Numerical Analysis Seminar

Wednesday, March 26, 2008

Abstract

The accurate representation everywhere of complex physical processes requires the high fidelity solution of systems of partial differential equations (PDEs). In many engineering applications, however, not the entire PDE solution is of interest, but one only needs an accurate description of input-to-output maps. Examples are flow control, where one is interested, e.g., in actuation of the flow on a small section of the wing to improve the lift, and reservoir optimization, where one is interested, e.g., in injection and production rates at wells to maximize net present value. In such cases model reduction is of interest.

Model reduction seeks to systematically extract the important features from a high fidelity model to accurately represent the input-to-output maps of interest. This talk begins with an overview of projection-based model reduction techniques, including proper orthogonal decomposition (POD) and balanced truncation model reduction.

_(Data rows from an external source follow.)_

lemma zg_grid_index_le: "zg P (grid_index d - 1) \<le> d"
proof -
  have "of_int \<lfloor>d / theta P\<rfloor> * theta P \<le> d / theta P * theta P"
    using theta_pos by (intro mult_right_mono) linarith+
  then show ?thesis using theta_pos by (simp add: zg_def grid_index_def)
qed

lemma the_grid_index: "(THE n. zg P (n - 1) \<le> d \<and> d < zg P n) = grid_index d"
proof (rule the_equality)
  fix n assume "zg P (n - 1) \<le> d \<and> d < zg P n"
  then have "of_int (n - 1) \<le> d / theta P" "d / theta P < of_int n"
    using theta_pos by (auto simp: zg_def field_simps)
  then have "\<lfloor>d / theta P\<rfloor> = n - 1" by (intro floor_unique) auto
  then show "n = grid_index d" by (simp add: grid_index_def)
qed (simp add: less_zg_grid_index zg_grid_index_le)

end

declare phi.simps[simp del] phib.simps[simp del] omegab.simps[simp del]

context
  fixes P :: invmodel
  assumes model: "model_ok P"
begin

lemma theta_pos: "0 < theta P"
  using model by (simp add: model_ok_def)

lemma disc_pos: "0 < disc P"
  using model by (simp add: model_ok_def)

lemma gam_nonneg: "t < Hor P \<Longrightarrow> 0 \<le> gam P t"
  using model by (simp add: model_ok_def)

lemma Fd_bounds:
  assumes "t < Hor P"
  shows "0 \<le> Fd P t a" "Fd P t a \<le> 1" "a \<le> b \<Longrightarrow> Fd P t a \<le> Fd P t b"
proof -
  have prob: "prob_space (dem P t)" and borel: "sets (dem P t) = sets borel"
    using model assms by (auto simp: model_ok_def)
  show "0 \<le> Fd P t a" by (simp add: Fd_def)
  show "Fd P t a \<le> 1" unfolding Fd_def using prob_space.prob_le_1[OF prob] by blast
  show "Fd P t a \<le> Fd P t b" if "a \<le> b"
    unfolding Fd_def
    using finite_measure.finite_measure_mono[OF prob_space.axioms(1)[OF prob], of "{..a}" "{..b}"]
      borel that
    by auto
qed
text \<open>Both truth domains coincide with the centralizer C of the derived algebra [B,B].
  By \<open>\<Phi>3\<close>, applied to the nonzero element b y, which annihilates b by \<open>Fit(b)\<close> and
  annihilates [B,B] by \<open>\<Phi>1\<close>, every b with \<open>Fit(b)\<close> centralizes [B,B] unless b y = 0 for all y;
  conversely elements of C satisfy \<open>Fit\<close> by anticommutativity. Each x \<in> C spans together with
  [B,B] an abelian ideal, so C \<subseteq> Fit(B). For the reverse inclusion, x in a nilpotent ideal kills
  x y after finitely many applications of ad x, and \<open>\<Phi>2\<close> together with \<open>\<Phi>1\<close> lets one peel these
  applications off one at a time, giving x y x = 0. For \<open>Fit'\<close> the only new case is b \<noteq> 0 with
  b a_i = 0 for all i; then \<open>\<Phi>3\<close> forces a_1 a_2 = 0, which fails in the free metabelian algebra.\<close>

definition derived_centralizer :: "('b::ab_group_add \<Rightarrow> 'b \<Rightarrow> 'b) \<Rightarrow> 'b set" where
  "derived_centralizer br = {x. \<forall>p q. br x (br p q) = 0}"

locale lie_alg =
  fixes scale :: "'k::field \<Rightarrow> 'b::ab_group_add \<Rightarrow> 'b" and br :: "'b \<Rightarrow> 'b \<Rightarrow> 'b"
  assumes lie: "lie_algebra scale br"
begin

sublocale module scale
  using lie unfolding lie_algebra_def by blast

lemma br_add_left: "br (x + y) z = br x z + br y z"
  and br_add_right: "br x (y + z) = br x y + br x z"
  and br_scale_left: "br (scale c x) y = scale c (br x y)"
  and br_scale_right: "br x (scale c y) = scale c (br x y)"
  and br_self [simp]: "br x x = 0"
  using lie unfolding lie_algebra_def by auto

lemma br_zero_left [simp]: "br 0 y = 0"
  using br_add_left[of 0 0 y] by simp

lemma br_zero_right [simp]: "br y 0 = 0"
  using br_add_right[of y 0 0] by simp

lemma br_anticomm: "br x y = - br y x"
proof -
  have "0 = br (x + y) (x + y)" by simp
  also have "\<dots> = (br x x + br y x) + (br x y + br y y)"
    by (simp only: br_add_left br_add_right)
  also have "\<dots> = br x y + br y x" by simp
  finally have "br x y + br y x = 0" by (rule HOL.sym)
  then show ?thesis by (simp add: eq_neg_iff_add_eq_0)
qed

lemma subspace_br_annihilator: "subspace {v. br u v = 0}"
  by (rule subspaceI) (auto simp: br_add_right br_scale_right)

lemma subspace_br_left_annihilator: "subspace {u. \<forall>v\<in>V. br u v = 0}"
  by (rule subspaceI) (auto simp: br_add_left br_scale_left)

lemma nilpotent_ideal_if_abelian:
  assumes "lie_ideal scale br I" and "\<forall>u\<in>I. \<forall>v\<in>I. br u v = 0"
  shows "nilpotent_ideal scale br I"
proof -
  have "{br u v |u v. u \<in> I \<and> v \<in> I} \<subseteq> {0}"
    using assms(2) by auto
  then have "lower_central scale br I 1 \<subseteq> {0}"
    by (simp add: span_minimal subspace_0)
  moreover have "0 \<in> lower_central scale br I 1"
    by (simp add: span_zero)
  ultimately have "lower_central scale br I 1 = {0}"
    by blast
  with assms(1) show ?thesis
    unfolding nilpotent_ideal_def by blast
qed

lemma funpow_br_in_lower_central:
  assumes "w \<in> I" and "x \<in> I"
  shows "((\<lambda>v. br v x) ^^ n) w \<in> lower_central scale br I n"
  using assms by (induction n) (auto intro!: span_base)

text \<open>This is where \<open>\<Phi>2\<close> enters: if u is a bracket, then (u x) u = 0 by \<open>\<Phi>1\<close>, so
  \<open>\<Phi>2\<close> reduces u x = 0 to (u x) x = 0, and the latter is again of the same shape.\<close>

lemma br_eq_0_if_funpow_br_eq_0:
  assumes Phi1: "\<forall>x1 x2 x3 x4. br (br x1 x2) (br x3 x4) = 0"
    and Phi2: "\<forall>x y. br (br x y) x = 0 \<and> br (br x y) y = 0 \<longrightarrow> br x y = 0"
    and "((\<lambda>v. br v x) ^^ n) (br p q) = 0"
  shows "br (br p q) x = 0"
  using assms(3)
proof (induction n arbitrary: p q)
  case 0
  then show ?case by simp
next
  case (Suc n)
  then have "br (br (br p q) x) x = 0"
    by (simp add: funpow_Suc_right del: funpow.simps)
  moreover have "br (br (br p q) x) (br p q) = 0"
    using Phi1 by blast
  ultimately show ?case
    using Phi2 by blast
qed
lemma nabla_funpow_translate_le:
  assumes "\<And>x. x \<in> Zp nrm \<Longrightarrow> nrm (f (x + c) - f x) \<le> e" and "x \<in> Zp nrm"
  shows "nrm ((nabla ^^ k) f (x + c) - (nabla ^^ k) f x) \<le> e"
  using assms(2)
proof (induction k arbitrary: x)
  case (Suc k)
  define h where "h = (nabla ^^ k) f"
  have "(nabla ^^ Suc k) f (x + c) - (nabla ^^ Suc k) f x
      = (h (x + 1 + c) - h (x + 1)) - (h (x + c) - h x)"
    by (simp add: nabla_def h_def algebra_simps)
  then show ?case
    using Suc Zp_plus_1 unfolding h_def by (simp add: order_trans[OF nrm_diff_le_max max.boundedI])
qed (use assms(1) in simp)

text \<open>The coefficients of \<open>\<nabla>\<^bsup>p\<^sup>s\<^esup> f - (f(\<cdot> + p\<^sup>s) - f)\<close> are divisible by \<open>p\<close>.\<close>
lemma nrm_nabla_prime_power_coeff:
  assumes "s \<ge> 1" "i \<le> p ^ s"
  shows "nrm ((-1) ^ (p ^ s + i) * of_nat (p ^ s choose i)
              - (if i = p ^ s then 1 else 0) + (if i = 0 then 1 else 0) :: 'a) \<le> 1 / real p"
proof -
  define q where "q = p ^ s"
  have "p ^ 1 \<le> q" unfolding q_def using assms(1) p_ge_2 by (intro power_increasing) auto
  then have q2: "q \<ge> 2" using p_ge_2 by simp
  consider "i = q" | "i = 0" | "0 < i \<and> i < q" using assms(2) q_def by linarith
  then show ?thesis
  proof cases
    case 1
    then show ?thesis using q2 inv_p_pos unfolding q_def[symmetric] by (simp flip: mult_2)
  next
    case 2
    have "((-1) ^ q + 1 :: 'a) = (if p = 2 then of_nat p else 0)"
    proof (cases "p = 2")
      case True
      then have "even q" using assms(1) unfolding q_def by simp
      then show ?thesis using True by simp
    next
      case False
      then have "odd q" using prime_odd_nat[OF prime_p] p_ge_2 unfolding q_def by simp
      then show ?thesis using False by simp
    qed
    then show ?thesis using 2 q2 inv_p_pos nrm_of_p unfolding q_def[symmetric] by auto
  next
    case 3
    then obtain r where "q choose i = p * r"
      using prime_dvd_choose_prime_power[OF prime_p] unfolding q_def by blast
    then show ?thesis
      using 3 nrm_of_nat_mult_p[of r] unfolding q_def[symmetric] by (simp add: nrm_mult nrm_power)
  qed
qed

lemma nrm_nabla_prime_power_le:
  assumes "s \<ge> 1" and bound: "\<And>x. x \<in> Zp nrm \<Longrightarrow> nrm (f x) \<le> M" "M \<ge> 0" and "x \<in> Zp nrm"
  shows "nrm ((nabla ^^ p ^ s) f x) \<le> max (nrm (f (x + of_nat (p ^ s)) - f x)) (M / real p)"
proof -
  define q where "q = p ^ s"
  define E where "E i = ((-1) ^ (q + i) * of_nat (q choose i)
                         - (if i = q then 1 else 0) + (if i = 0 then 1 else 0) :: 'a)" for i
  have "(\<Sum>i\<le>q. E i * f (x + of_nat i))
      = (\<Sum>i\<le>q. (-1) ^ (q + i) * of_nat (q choose i) * f (x + of_nat i))
        - (\<Sum>i\<le>q. if i = q then f (x + of_nat i) else 0)
        + (\<Sum>i\<le>q. if i = 0 then f (x + of_nat i) else 0)"
    unfolding E_def sum_subtractf[symmetric] sum.distrib[symmetric]
    by (intro sum.cong refl) (simp add: algebra_simps)
  then have split: "(nabla ^^ q) f x = (f (x + of_nat q) - f x) + (\<Sum>i\<le>q. E i * f (x + of_nat i))"
    by (simp add: nabla_funpow_explicit)
  have "nrm (E i * f (x + of_nat i)) \<le> M / real p" if "i \<le> q" for i
  proof -
    have "nrm (E i) * nrm (f (x + of_nat i)) \<le> 1 / real p * M"
      using nrm_nabla_prime_power_coeff[OF assms(1)] bound Zp_add[OF assms(4) Zp_of_nat] that
      unfolding E_def q_def by (intro mult_mono) (simp_all add: nrm_nonneg)
    then show ?thesis by (simp add: nrm_mult)
  qed
  then have "nrm (\<Sum>i\<le>q. E i * f (x + of_nat i)) \<le> M / real p"
    using assms(3) by (intro nrm_sum_le) simp_all
  then show ?thesis
    unfolding q_def[symmetric] split by (rule order_trans[OF nrm_add_le_max max.mono[OF order_refl]])
qed

lemma nabla_funpow_mult_prime_power_le:
  assumes "s \<ge> 1" and bound: "\<And>x. x \<in> Zp nrm \<Longrightarrow> nrm (f x) \<le> M" "M \<ge> 0"
    and translate: "\<And>x. x \<in> Zp nrm \<Longrightarrow> nrm (f (x + of_nat (p ^ s)) - f x) \<le> e" "e \<ge> 0"
    and "x \<in> Zp nrm"
  shows "nrm ((nabla ^^ (k * p ^ s)) f x) \<le> max e (M * (1 / real p) ^ k)"
  using assms(6)
proof (induction k arbitrary: x)
  case (Suc k)
  define h where "h = (nabla ^^ (k * p ^ s)) f"
  have "nrm ((nabla ^^ p ^ s) h x)
      \<le> max (nrm (h (x + of_nat (p ^ s)) - h x)) (max e (M * (1 / real p) ^ k) / real p)"
    using Suc assms(5) unfolding h_def by (intro nrm_nabla_prime_power_le assms(1)) simp_all
  also have "\<dots> \<le> max e (M * (1 / real p) ^ Suc k)"
  proof -
    have "nrm (h (x + of_nat (p ^ s)) - h x) \<le> e"
      unfolding h_def using translate(1) Suc.prems by (rule nabla_funpow_translate_le)
    moreover have "e / real p \<le> e / 1" using assms(5) p_ge_2 by (intro divide_left_mono) auto
    ultimately show ?thesis using p_ge_2 by (auto simp: max_divide_distrib_right)
  qed
  finally show ?case unfolding h_def by (simp add: funpow_add add.commute)
qed (use bound in \<open>simp add: le_max_iff_disj\<close>)

lemma cont_Zp_mahler_null:
  assumes cont: "cont_Zp nrm f" shows "nrm_null (mahler f)"
  unfolding nrm_null_def
proof (intro allI impI)
  fix e :: real assume e: "e > 0"
  obtain M where M: "M \<ge> 0" "\<And>x. x \<in> Zp nrm \<Longrightarrow> nrm (f x) \<le> M"
    using cont_Zp_bounded[OF cont] by blast
  obtain t where t: "\<And>u v. u \<in> Zp nrm \<Longrightarrow> v \<in> Zp nrm \<Longrightarrow>
      nrm (u - v) \<le> (1 / real p) ^ t \<Longrightarrow> nrm (f u - f v) < e / 2"
    using cont_Zp_imp_unif_cont_upto[OF cont, of "e / 2"] e unfolding unif_cont_upto_def by auto
  have translate: "nrm (f (x + of_nat (p ^ Suc t)) - f x) \<le> e / 2" if "x \<in> Zp nrm" for x
  proof -
    have "nrm ((x + of_nat (p ^ Suc t)) - x) \<le> (1 / real p) ^ t"
      using inv_p_power_antimono[of t "Suc t"]
      by (simp only: add_diff_cancel_left' of_nat_power nrm_of_p_power le_SucI order_refl)
    then show ?thesis using less_imp_le[OF t[OF Zp_add[OF that Zp_of_nat] that]] by blast
  qed
  obtain k where k: "(1 / real p) ^ k < e / (M + 1)"
    using inv_p_power_small M(1) e by (meson add_nonneg_pos divide_pos_pos zero_less_one)
  have "M * (1 / real p) ^ k \<le> (M + 1) * (1 / real p) ^ k"
    using inv_p_pos by (simp add: mult_right_mono)
  also have "\<dots> < e" using k M(1) by (simp add: less_divide_eq mult.commute)
  finally have "M * (1 / real p) ^ k < e" .
  have "nrm (mahler f n) < e" if n: "n \<ge> k * p ^ Suc t" for n
  proof -
    obtain m where "n = m + k * p ^ Suc t" using le_add_diff_inverse2[OF n] by metis
    then have "(nabla ^^ n) f = (nabla ^^ m) ((nabla ^^ (k * p ^ Suc t)) f)"
      by (simp add: funpow_add)
    moreover have "nrm ((nabla ^^ (k * p ^ Suc t)) f x) \<le> max (e / 2) (M * (1 / real p) ^ k)"
      if "x \<in> Zp nrm" for x
      using translate M e that by (intro nabla_funpow_mult_prime_power_le) simp_all
    ultimately have "nrm (mahler f n) \<le> max (e / 2) (M * (1 / real p) ^ k)"
      unfolding mahler_def using nabla_funpow_bounded Zp_of_nat[of 0] by simp
    then show ?thesis using \<open>M * (1 / real p) ^ k < e\<close> e by linarith
  qed
  then show "\<exists>K. \<forall>n\<ge>K. nrm (mahler f n) < e" by blast
qed

section \<open>Continuity at a point and uniform limits\<close>

definition Zp_continuous_at :: "'a \<Rightarrow> ('a \<Rightarrow> 'a) \<Rightarrow> bool" where
  "Zp_continuous_at x f \<longleftrightarrow>
     (\<forall>e>0. \<exists>d>0. \<forall>z\<in>Zp nrm. nrm (z - x) < d \<longrightarrow> nrm (f z - f x) < e)"

lemma Zp_continuous_at_const: "Zp_continuous_at x (\<lambda>z. c)"
  unfolding Zp_continuous_at_def by (auto intro!: exI[of _ 1])

lemma Zp_continuous_at_add:
  assumes "Zp_continuous_at x f" "Zp_continuous_at x g"
  shows "Zp_continuous_at x (\<lambda>z. f z + g z)"
  unfolding Zp_continuous_at_def
proof (intro allI impI)
  fix e :: real assume e: "e > 0"
  obtain d1 where d1: "d1 > 0"
    "\<And>z. z \<in> Zp nrm \<Longrightarrow> nrm (z - x) < d1 \<Longrightarrow> nrm (f z - f x) < e"
    using assms(1) e unfolding Zp_continuous_at_def by blast
  obtain d2 where d2: "d2 > 0"
    "\<And>z. z \<in> Zp nrm \<Longrightarrow> nrm (z - x) < d2 \<Longrightarrow> nrm (g z - g x) < e"
    using assms(2) e unfolding Zp_continuous_at_def by blast
  have "nrm ((f z + g z) - (f x + g x)) < e" if "z \<in> Zp nrm" "nrm (z - x) < min d1 d2" for z
  proof -
    have "nrm ((f z - f x) + (g z - g x)) < e"
      using d1(2) d2(2) that by (intro nrm_add_less) simp_all
    then show ?thesis by (simp add: algebra_simps)
  qed
  then show "\<exists>d>0. \<forall>z\<in>Zp nrm. nrm (z - x) < d \<longrightarrow> nrm ((f z + g z) - (f x + g x)) < e"
    using d1(1) d2(1) by (intro exI[of _ "min d1 d2"]) auto
qed

lemma Zp_continuous_at_mult:
  assumes "Zp_continuous_at x f" "Zp_continuous_at x g"
  shows "Zp_continuous_at x (\<lambda>z. f z * g z)"
  unfolding Zp_continuous_at_def
proof (intro allI impI)
  fix e :: real assume e: "e > 0"
  define B where "B = max (nrm (f x)) (nrm (g x)) + 1"
  have B: "B \<ge> 1" "nrm (f x) < B" "nrm (g x) < B" unfolding B_def using nrm_nonneg[of "f x"] by auto
  then have eB: "e / B > 0" using e by simp
  obtain d1 where d1: "d1 > 0"
    "\<And>z. z \<in> Zp nrm \<Longrightarrow> nrm (z - x) < d1 \<Longrightarrow> nrm (f z - f x) < e / B"
    using assms(1) eB unfolding Zp_continuous_at_def by blast
  have "min 1 (e / B) > 0" using eB by simp
  then obtain d2 where d2: "d2 > 0"
    "\<And>z. z \<in> Zp nrm \<Longrightarrow> nrm (z - x) < d2 \<Longrightarrow> nrm (g z - g x) < min 1 (e / B)"
    using assms(2) unfolding Zp_continuous_at_def by blast
  have "nrm (f z * g z - f x * g x) < e" if z: "z \<in> Zp nrm" "nrm (z - x) < min d1 d2" for z
  proof -
    have g: "nrm (g z - g x) < 1" "nrm (g z - g x) < e / B" and f: "nrm (f z - f x) < e / B"
      using d1(2) d2(2) z by auto
    have "nrm (g z - g x + g x) < B"
      using g(1) B by (intro nrm_add_less) simp_all
    then have "nrm (g z) < B" by simp
    then have "nrm (f z - f x) * nrm (g z) < e / B * B"
      using f eB by (intro mult_strict_mono) (simp_all add: nrm_nonneg)
    moreover have "nrm (f x) * nrm (g z - g x) < B * (e / B)"
      using B(2) g(2) B(1) by (intro mult_strict_mono) (simp_all add: nrm_nonneg)
    ultimately have "nrm ((f z - f x) * g z) < e" "nrm (f x * (g z - g x)) < e"
      using B(1) by (simp_all add: nrm_mult)
    moreover have "f z * g z - f x * g x = (f z - f x) * g z + f x * (g z - g x)"
      by (simp add: algebra_simps)
    ultimately show ?thesis by (metis nrm_add_less)
  qed
  then show "\<exists>d>0. \<forall>z\<in>Zp nrm. nrm (z - x) < d \<longrightarrow> nrm (f z * g z - f x * g x) < e"
    using d1(1) d2(1) by (intro exI[of _ "min d1 d2"]) auto
qed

We discuss the ideas behind these methods, some theoretical results, computational aspects, and their application to some example problems derived from flow control.

We then discuss the integration of balanced truncation model reduction and domain decomposition for dynamical systems of PDEs with spatially localized nonlinearities. The problem is decomposed into subproblems such that the nonlinear part is concentrated in one subdomain. Balanced truncation model reduction is applied to the linear subdomain problems. Here the interface conditions lead to auxiliary inputs and outputs in addition to the original inputs and outputs. The reduced subdomain problems are combined with the nonlinear subdomain problem to form the reduced coupled problem. Estimates for the error of the input-to-output map of the original problem and that of the reduced problem are given and numerical results are presented that illustrate the applicability of the approach.